В первой описывалась колония поселенцев на планете, поверхность которой полностью состоит из воды, где та дрейфовала по бесконечному океану. Там добывали редкие элементы таблицы Менделеева из атмосферы и водной толщи. Странные создания глубин, губящая радиация, практически полный штиль и гнетущая тишина на борту большого железного гиганта, стенки которого не могло прогрызть ни одно морское чудище. Вторая же была простым романом между девушкой швеёй и начальником ЖЭКа. Хотя это скорее было художественным переосмыслением прожитой жизни судя по первым строкам истории, посвящённым любимой Марии.

Простая деревушка, вроде, а тут, оказывается, писатель жил. Получается, что письма от поклонников? Стопка-то увесистая. Интересно, какого с писателем бок о бок жить? Они же обычно достаточно закрытые, тем более если он специально в деревню ото всех сбежать попытался. Но письма-то хранил, дорожил вниманием! Эх, был бы у меня знакомый такой, так проще было бы выразить себя или ещё что-то эдакое.

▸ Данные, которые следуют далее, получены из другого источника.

lemma norm_tD_sq_le:
  "(cmod (tD I q chi phi psi p))^2
     \<le> 2 * (cmod (dt I psi p))^2 + 2 * (q * phi p / chi)^2 * (cmod (psi p))^2"
proof -
  let ?u = "cmod (dt I psi p)" and ?v = "\<bar>q * phi p / chi\<bar> * cmod (psi p)"
  have "cmod (tD I q chi phi psi p) \<le> ?u + ?v"
    unfolding tD_def by (rule order_trans[OF norm_triangle_ineq]) (simp add: norm_mult norm_divide abs_mult)
  then have "(cmod (tD I q chi phi psi p))^2 \<le> (?u + ?v)^2"
    by (simp add: power_mono)
  also have "\<dots> \<le> 2 * ?u^2 + 2 * ?v^2"
    using zero_le_power2[of "?u - ?v"] by (simp only: power2_diff power2_sum)
  finally show ?thesis by (simp add: power_mult_distrib power_divide)
qed

lemma kinetic_term_le:
  assumes chi: "0 < chi" and m: "0 < m" and c: "0 < c" and phi: "\<bar>phi p\<bar> \<le> C"
  shows "chi^2 / (2 * m) * ((cmod (tD I q chi phi psi p))^2 / c^2)
           \<le> m * c^2 * ((chi / (m * c))^2 * ((cmod (dt I psi p))^2 / c^2))
             + (q * C)^2 / (m * c^2) * (cmod (psi p))^2"
proof -
  have "chi^2 * (q * phi p / chi)^2 = (q * phi p)^2"
    using chi by (simp add: field_simps power2_eq_square)
  also have "\<dots> \<le> (q * C)^2"
    using phi by (simp add: power_mult_distrib mult_left_mono abs_le_square_iff[symmetric])
  finally have charge: "chi^2 * (q * phi p / chi)^2 \<le> (q * C)^2" .
  have "chi^2 / (2 * m) * ((cmod (tD I q chi phi psi p))^2 / c^2)
      \<le> chi^2 / (2 * m) * ((2 * (cmod (dt I psi p))^2 + 2 * (q * phi p / chi)^2 * (cmod (psi p))^2) / c^2)"
    using norm_tD_sq_le[of I q chi phi psi p] chi m c
    by (intro mult_left_mono divide_right_mono) auto
  also have "\<dots> = m * c^2 * ((chi / (m * c))^2 * ((cmod (dt I psi p))^2 / c^2))
      + chi^2 * (q * phi p / chi)^2 / (m * c^2) * (cmod (psi p))^2"
    using m c chi by (simp add: field_simps power2_eq_square)
  also have "\<dots> \<le> m * c^2 * ((chi / (m * c))^2 * ((cmod (dt I psi p))^2 / c^2))
      + (q * C)^2 / (m * c^2) * (cmod (psi p))^2"
    using charge m c by (intro add_left_mono divide_right_mono mult_right_mono) auto
  finally show ?thesis .
qed

lemma abs_energy_le_control_density:
  assumes chi: "0 < chi" and m: "0 < m" and c: "0 < c" and phi: "\<bar>phi p\<bar> \<le> C"
  shows "\<bar>energy c m q G1 I chi a phi psi p\<bar>
           \<le> (m * c^2 + (q * C)^2 / (m * c^2)) * control_density c I (chi / (m * c)) a G1 psi p"
proof -
  define A where "A = (chi / (m * c))^2"
  define D where "D = (cmod (dt I psi p))^2"
  define S where "S = (\<Sum>i\<in>UNIV. (cmod (dx i psi p))^2)"
  define G where "G = Ga a G1 ((cmod (psi p))^2)"
  define w where "w = (cmod (psi p))^2"
  have A0: "0 \<le> A" and S0: "0 \<le> S" and D0: "0 \<le> D" and w0: "0 \<le> w"
    by (simp_all add: A_def S_def D_def w_def sum_nonneg)
  have pref: "chi^2 / (2 * m) = m * c^2 / 2 * A" and kappa: "A * (m * c / chi)^2 = 1"
    using chi m c by (simp_all add: A_def field_simps power2_eq_square)
  have expand: "energy c m q G1 I chi a phi psi p
      = chi^2 / (2 * m) * ((cmod (tD I q chi phi psi p))^2 / c^2) + m * c^2 / 2 * (A * S + A * G + w)"
    unfolding energy_def pref G_def S_def w_def
    by (simp add: distrib_left mult.assoc[symmetric] kappa flip: mult.assoc)
  have potential: "\<bar>A * S + A * G + w\<bar> \<le> A * S + A * \<bar>G\<bar> + w"
  proof -
    have "\<bar>A * G\<bar> \<le> A * \<bar>G\<bar>" using A0 by (simp add: abs_mult)
    then show ?thesis using mult_nonneg_nonneg[OF A0 S0] w0 by (simp add: abs_le_iff)
  qed
  have "\<bar>energy c m q G1 I chi a phi psi p\<bar>
      \<le> chi^2 / (2 * m) * ((cmod (tD I q chi phi psi p))^2 / c^2) + m * c^2 / 2 * (A * S + A * \<bar>G\<bar> + w)"
    unfolding expand using potential m c
    by (intro order_trans[OF abs_triangle_ineq] add_mono) (auto simp: abs_mult)
  also have "\<dots> \<le> m * c^2 * (A * (D / c^2)) + (q * C)^2 / (m * c^2) * w + m * c^2 / 2 * (A * S + A * \<bar>G\<bar> + w)"
    using kinetic_term_le[where phi=phi and p=p and I=I and q=q and psi=psi, OF chi m c phi]
    unfolding A_def D_def w_def by linarith
  also have "\<dots> \<le> (m * c^2 + (q * C)^2 / (m * c^2)) * (A * (D / c^2) + A * S + A * \<bar>G\<bar> + w)"
  proof -
    have key: "k * x + l * w + k / 2 * (y + z + w) \<le> (k + l) * (x + y + z + w)"
      if "0 \<le> k" "0 \<le> l" "0 \<le> x" "0 \<le> y" "0 \<le> z" "0 \<le> w" for k l x y z w :: real
    proof -
      have "0 \<le> k / 2 * (y + z + w) + l * (x + y + z)" using that by simp
      then show ?thesis by (simp add: ring_distribs)
    qed
    show ?thesis by (rule key) (use A0 S0 D0 w0 m c in simp_all)
  qed
  also have "\<dots> = (m * c^2 + (q * C)^2 / (m * c^2)) * control_density c I (chi / (m * c)) a G1 psi p"
    by (simp add: control_density_def grad0_sq_def A_def D_def S_def G_def w_def power_divide distrib_left)
  finally show ?thesis .
qed

lemma continuous_G1_norm_sq:
  assumes "admissible_G1 G1"
  shows "continuous_on UNIV (\<lambda>w::complex. G1 ((cmod w)^2))"
proof -
  obtain D where "\<And>z. ((\<lambda>w. G1 ((cmod w)^2)) has_derivative D z) (at z)"
    using assms unfolding admissible_G1_def
    by (metis field_sum_of_halves half_gt_zero_iff less_add_same_cancel1 zero_less_one)
  then show ?thesis
    by (auto simp: continuous_on_eq_continuous_at intro: has_derivative_continuous)
qed

lemma continuous_on_Ga_norm_sq:
  assumes "admissible_G1 G1" "0 < a" "continuous_on K h"
  shows "continuous_on K (\<lambda>x. Ga a G1 ((cmod (h x))^2))"
proof -
  have "Ga a G1 ((cmod (h x))^2) = G1 ((cmod (of_real (sqrt (a^3)) * h x))^2) / a^5" for x
    using assms(2) by (simp add: Ga_def norm_mult power_mult_distrib)
  moreover have "continuous_on K (\<lambda>x. G1 ((cmod (of_real (sqrt (a^3)) * h x))^2))"
    by (rule continuous_on_compose2[OF continuous_G1_norm_sq[OF assms(1)]])
       (auto intro!: continuous_intros assms(3))
  ultimately show ?thesis
    using assms(2) by (simp add: continuous_on_divide)
qed

lemma dx_eq_dd: "dx i F p = dd F (0, axis i 1) p"
  unfolding dx_def dd_def by (cases p) (simp add: scaleR_prod_def)

lemma dt_eq_dd:
  fixes F :: "pt \<Rightarrow> 'b::real_normed_vector"
  assumes "Tm < Tp" "t \<in> {Tm..Tp}"
    and diff: "(\<lambda>s. F ((t, x) + s *\<^sub>R (1, 0))) differentiable (at 0)"
  shows "dt {Tm..Tp} F (t, x) = dd F (1, 0) (t, x)"
proof -
  have "((\<lambda>s. F ((t, x) + s *\<^sub>R (1, 0))) has_vector_derivative dd F (1, 0) (t, x)) (at ((\<lambda>s. s - t) t))"
    using diff unfolding dd_def by (simp add: vector_derivative_works)
  from vector_diff_chain_at[OF has_vector_derivative_diff[OF has_vector_derivative_id has_vector_derivative_const] this]
  have "((\<lambda>s. F (s, x)) has_vector_derivative dd F (1, 0) (t, x)) (at t)"
    by (simp add: o_def)
  then show ?thesis
    unfolding dt_def using assms(1,2)
    by (auto intro: vector_derivative_within_cbox[of Tm Tp t, unfolded box_real] has_vector_derivative_at_within)
qed

lemma continuous_on_slice:
  fixes F :: "pt \<Rightarrow> 'b::real_normed_vector"
  assumes "C2_set S F" and "Tm < Tp" "t \<in> {Tm..Tp}" and "\<And>x. x \<in> K \<Longrightarrow> (t, x) \<in> S"
  shows "continuous_on K (\<lambda>x. F (t, x))"
    and "continuous_on K (\<lambda>x. dt {Tm..Tp} F (t, x))"
    and "continuous_on K (\<lambda>x. dx i F (t, x))"
proof -
  obtain U where U: "S \<subseteq> U" "C2_on U F" using assms(1) unfolding C2_set_def by blast
  have slice: "continuous_on K (\<lambda>x. G (t, x))" if "continuous_on U G" for G :: "pt \<Rightarrow> 'b"
    using that U(1) assms(4) by (auto intro!: continuous_on_compose2[OF that] continuous_intros)
  have e1: "(1, 0) \<in> (Basis :: pt set)" and ei: "(0, axis i 1) \<in> (Basis :: pt set)"
    by (simp_all add: Basis_prod_def axis_in_Basis_iff)
  show "continuous_on K (\<lambda>x. F (t, x))"
    using U(2) by (intro slice) (simp add: C2_on_def)
  show "continuous_on K (\<lambda>x. dx i F (t, x))"
    unfolding dx_eq_dd using U(2) ei by (intro slice) (simp add: C2_on_def)
  have "continuous_on K (\<lambda>x. dd F (1, 0) (t, x))"
    using U(2) e1 by (intro slice) (simp add: C2_on_def)
  moreover have "dt {Tm..Tp} F (t, x) = dd F (1, 0) (t, x)" if "x \<in> K" for x
    by (rule dt_eq_dd[OF assms(2,3)]) (use U that assms(4) e1 in \<open>auto simp only: C2_on_def\<close>)
  ultimately show "continuous_on K (\<lambda>x. dt {Tm..Tp} F (t, x))"
    by (simp add: continuous_on_eq)
qed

Спирт и чёрствые сухари — вот всё, что удалось умыкнуть из этого дома. Осматривать другие желания не появлялось. Кишка попросился Тоне на ручки, и они дружным трио собрались в обсерваторию. Они ехали недолго, минут двадцать, и уже были около места назначения. Пропускной пункт, хлипкий забор, находившийся там скорее для виду, что тогда, что тем более сейчас, красивое здание с полусферой наверху, откуда из широкой прорези торчал массивный телескоп. Девочки зашли, а Кишка остался спать, его это всё не сильно интересовало.

Темно, пришлось зажечь керосинку. Сама обсерватория почти не пострадала. Ходить по ней можно было без опаски за целостность своей черепушки. Грязный пол, пустая вахта, доски объявлений и стенд с расписанием экскурсий. И зачем вообще здесь обсерватория?

На стене полный план эвакуации. Архив был на первом этаже под замком, а одна из подсобок в подвальном помещении. Можно было бы сходить в архив, найти ключи, но зачем? Будто в этих документах можно понять что-то без специального образования. А подсобка — самая простая подсобка. Ничего интересного. Разве что тряпки могут сгодиться потом.

Девчонки пошли выше по этажам, на втором, согласно плану, и был расположен главный, огромный телескоп. Ступенька за ступенькой, шаг за шагом они поднялись по старой бетонной лестнице, которую обрамляла только коричневая краска по бокам, чтобы было проще эту самую лестницу мыть. Снаружи здание было окрашено в светлый голубой оттенок, а вместо окон крайне редкие стеклопакеты. Качественные и прочные, и через десяток лет они не пропускали холод и не дребезжали под порывами ветра, как это делали простые стёкла в деревянном обрамлении.

Все двери нараспашку. Выглядит всё брошенным в одночасье, как в той квартире в Перми. Меньше всего хотелось найти ещё одну несчастную душу за очередным дверным косяком и этого, к счастью, не произошло.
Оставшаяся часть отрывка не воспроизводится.